___ Exercise input ___
lemma NL_model_nest_sum_pos:
  assumes "NL_model n \<N> v lam vN" "N \<in> \<N>" "i \<in> N \<inter> T"
  shows "(\<Sum>j\<in>N \<inter> T. v j) > 0"
proof (rule sum_pos2)
  have "N \<subseteq> items n" "finite N"
    using partition_nest_subset partition_nest_finite NL_model_is_partition[OF assms(1)] assms(2)
    by blast+
  then show "finite (N \<inter> T)" "\<And>j. j \<in> N \<inter> T \<Longrightarrow> 0 \<le> v j" "0 < v i"
    using assms unfolding NL_model_def by (auto intro: less_imp_le)
qed (use assms(3) in blast)

lemma NL_denom_pos:
  assumes "NL_model n \<N> v lam vN"
  shows "NL_denom \<N> v lam vN S > 0"
proof -
  have "nest_weight v lam vN N S \<ge> 0" if "N \<in> \<N>" for N
    using assms that unfolding NL_model_def nest_weight_def by (auto intro: less_imp_le)
  then have "(\<Sum>N\<in>\<N>. nest_weight v lam vN N S) \<ge> 0" by (rule sum_nonneg)
  then show ?thesis unfolding NL_denom_def by linarith
qed

lemma BF0_pos:
  assumes "NL_model n \<N> v lam vN"
  shows "BF0 n \<N> v lam vN S > 0"
  unfolding BF0_def phi0_def using NL_denom_pos[OF assms] by simp

text \<open>Both cases of \<open>nest_weight\<close> share the shape \<open>c\<^sub>N \<cdot> A powr \<lambda>\<^sub>N\<close>, because
  \<open>A powr 0 = 1\<close> for \<open>A > 0\<close>.\<close>

lemma phi_eq_powr:
  assumes model: "NL_model n \<N> v lam vN" and "S \<subseteq> items n" "i \<in> S"
  defines "N \<equiv> nest_of \<N> i"
  shows "phi \<N> v lam vN i S = (if lam N = 0 then vN N else 1) * v i
           * (\<Sum>j\<in>N \<inter> S. v j) powr (lam N - 1) / NL_denom \<N> v lam vN S"
proof -
  have "i \<in> items n" using assms by blast
  then have N: "N \<in> \<N>" "i \<in> N"
    using nest_of_mem mem_nest_of NL_model_is_partition[OF model] N_def by auto
  have A: "(\<Sum>j\<in>N \<inter> S. v j) > 0"
    using NL_model_nest_sum_pos[OF model N(1)] N(2) \<open>i \<in> S\<close> by blast
  show ?thesis
    using N(2) \<open>i \<in> S\<close> A
    unfolding phi_def nest_weight_def N_def[symmetric]
    by (auto simp: powr_diff powr_minus_divide field_simps)
qed

lemma BF_eq_Mult_times_BF0:
  assumes model: "NL_model n \<N> v lam vN" and S: "S \<subseteq> items n" and "i \<in> S"
  shows "BF n \<N> v lam vN i S = Mult v lam (nest_of \<N> i) S * BF0 n \<N> v lam vN S"
proof -
  define N where "N = nest_of \<N> i"
  define c where "c = (if lam N = 0 then vN N else 1)"
  define A where "A = (\<Sum>j\<in>N \<inter> S. v j)"
  define V where "V = (\<Sum>j\<in>N. v j)"
  have partition: "is_partition n \<N>" using NL_model_is_partition[OF model] .
  have "i \<in> items n" using assms by blast
  then have N: "N \<in> \<N>" "i \<in> N" using nest_of_mem mem_nest_of partition N_def by auto
  have N_items: "N \<inter> items n = N" using partition_nest_subset[OF partition N(1)] by blast
  have "A > 0" unfolding A_def using NL_model_nest_sum_pos[OF model N(1)] N(2) \<open>i \<in> S\<close> by blast
  moreover have "V > 0"
    unfolding V_def using NL_model_nest_sum_pos[OF model N(1), of i UNIV] N(2) by simp
  moreover have "c > 0" using model N(1) unfolding c_def NL_model_def by auto
  moreover have "v i > 0" using model N(2) \<open>i \<in> items n\<close> unfolding NL_model_def by blast
  moreover note NL_denom_pos[OF model]
  moreover have "phi \<N> v lam vN i S = c * v i * A powr (lam N - 1) / NL_denom \<N> v lam vN S"
    using phi_eq_powr[OF model S \<open>i \<in> S\<close>] unfolding c_def A_def N_def .
  moreover have "phi \<N> v lam vN i (items n)
      = c * v i * V powr (lam N - 1) / NL_denom \<N> v lam vN (items n)"
    using phi_eq_powr[OF model order.refl \<open>i \<in> items n\<close>] N_items
    unfolding c_def V_def N_def by simp
  moreover have "A powr (lam N - 1) / V powr (lam N - 1) = (V / A) powr (1 - lam N)"
    using \<open>A > 0\<close> \<open>V > 0\<close> by (simp add: powr_divide powr_diff powr_minus_divide field_simps)
  ultimately show ?thesis
    unfolding BF_def BF0_def phi0_def Mult_def N_def[symmetric] A_def[symmetric] V_def[symmetric]
    by (simp add: field_simps)
qed

lemma Mult_eq_1_if_subset:
  assumes "N \<subseteq> S" "(\<Sum>j\<in>N. v j) \<noteq> 0"
  shows "Mult v lam N S = 1"
proof -
  have "N \<inter> S = N" using assms(1) by blast
  with assms(2) show ?thesis unfolding Mult_def by simp
qed

lemma Mult_gt_1_if_cut:
  assumes "finite N" "\<forall>j\<in>N. v j > 0" "N \<inter> S \<noteq> {}" "\<not> N \<subseteq> S" "lam N < 1"
  shows "Mult v lam N S > 1"
proof -
  have inside: "(\<Sum>j\<in>N \<inter> S. v j) > 0" using assms(1-3) by (intro sum_pos) auto
  have outside: "(\<Sum>j\<in>N - S. v j) > 0" using assms(1,2,4) by (intro sum_pos) auto
  have "(\<Sum>j\<in>N. v j) = (\<Sum>j\<in>N \<inter> S. v j) + (\<Sum>j\<in>N - S. v j)"
    using assms(1) by (metis sum.Int_Diff)
  with inside outside have "(\<Sum>j\<in>N. v j) / (\<Sum>j\<in>N \<inter> S. v j) > 1" by simp
  with assms(5) show ?thesis unfolding Mult_def by (simp add: powr_less_mono[of 0, simplified])
qed

lemma assumption1_lam_less_1:
  assumes "assumption1 \<N> lam" "N \<in> \<N>" "lam N \<le> 1" "i \<in> N" "k \<in> N" "i \<noteq> k"
  shows "lam N < 1"
proof -
  have "card N \<noteq> 1" using assms(4-6) by (auto simp: card_Suc_eq)
  with assms(1-3) show ?thesis unfolding assumption1_def by force
qed

definition Mult_separates_cut_nests ::
    "nat set set \<Rightarrow> (nat \<Rightarrow> real) \<Rightarrow> (nat set \<Rightarrow> real) \<Rightarrow> nat set \<Rightarrow> bool" where
  "Mult_separates_cut_nests \<N> v lam S \<longleftrightarrow>
     (\<forall>N\<in>\<N>. \<forall>N'\<in>\<N>. N \<noteq> N' \<and> N \<inter> S \<noteq> {} \<and> \<not> N \<subseteq> S \<and> N' \<inter> S \<noteq> {} \<and> \<not> N' \<subseteq> S
        \<longrightarrow> Mult v lam N S \<noteq> Mult v lam N' S)"

lemma assumption2_Mult_separates_cut_nests:
  assumes "assumption2 n b \<sigma> \<N> v lam" "S \<in> exp_assortments n b \<sigma>"
  shows "Mult_separates_cut_nests \<N> v lam S"
  using assms unfolding assumption2_def Mult_separates_cut_nests_def by blast

lemma BF_eq_BF0_if_nest_subset:
  assumes model: "NL_model n \<N> v lam vN" and S: "S \<subseteq> items n" and "i \<in> S"
    and "nest_of \<N> i \<subseteq> S"
  shows "BF n \<N> v lam vN i S = BF0 n \<N> v lam vN S"
proof -
  define N where "N = nest_of \<N> i"
  have N: "N \<in> \<N>" "i \<in> N"
    using nest_of_mem mem_nest_of NL_model_is_partition[OF model] N_def S \<open>i \<in> S\<close> by auto
  have "(\<Sum>j\<in>N. v j) > 0" using NL_model_nest_sum_pos[OF model N(1), of i UNIV] N(2) by simp
  then have "Mult v lam N S = 1" using Mult_eq_1_if_subset assms(4) N_def by simp
  then show ?thesis using BF_eq_Mult_times_BF0[OF model S \<open>i \<in> S\<close>] N_def by simp
qed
___
- Work request: Show every line of the listing containing the string "assumes" by copying it.

- Final answer:
  assumes "NL_model n \<N> v lam vN" "N \<in> \<N>" "i \<in> N \<inter> T"
  assumes "NL_model n \<N> v lam vN"
  assumes "NL_model n \<N> v lam vN"
  assumes model: "NL_model n \<N> v lam vN" and "S \<subseteq> items n" "i \<in> S"
  assumes model: "NL_model n \<N> v lam vN" and S: "S \<subseteq> items n" and "i \<in> S"
  assumes "N \<subseteq> S" "(\<Sum>j\<in>N. v j) \<noteq> 0"
  assumes "finite N" "\<forall>j\<in>N. v j > 0" "N \<inter> S \<noteq> {}" "\<not> N \<subseteq> S" "lam N < 1"
  assumes "assumption1 \<N> lam" "N \<in> \<N>" "lam N \<le> 1" "i \<in> N" "k \<in> N" "i \<noteq> k"
  assumes "assumption2 n b \<sigma> \<N> v lam" "S \<in> exp_assortments n b \<sigma>"
  assumes model: "NL_model n \<N> v lam vN" and S: "S \<subseteq> items n" and "i \<in> S"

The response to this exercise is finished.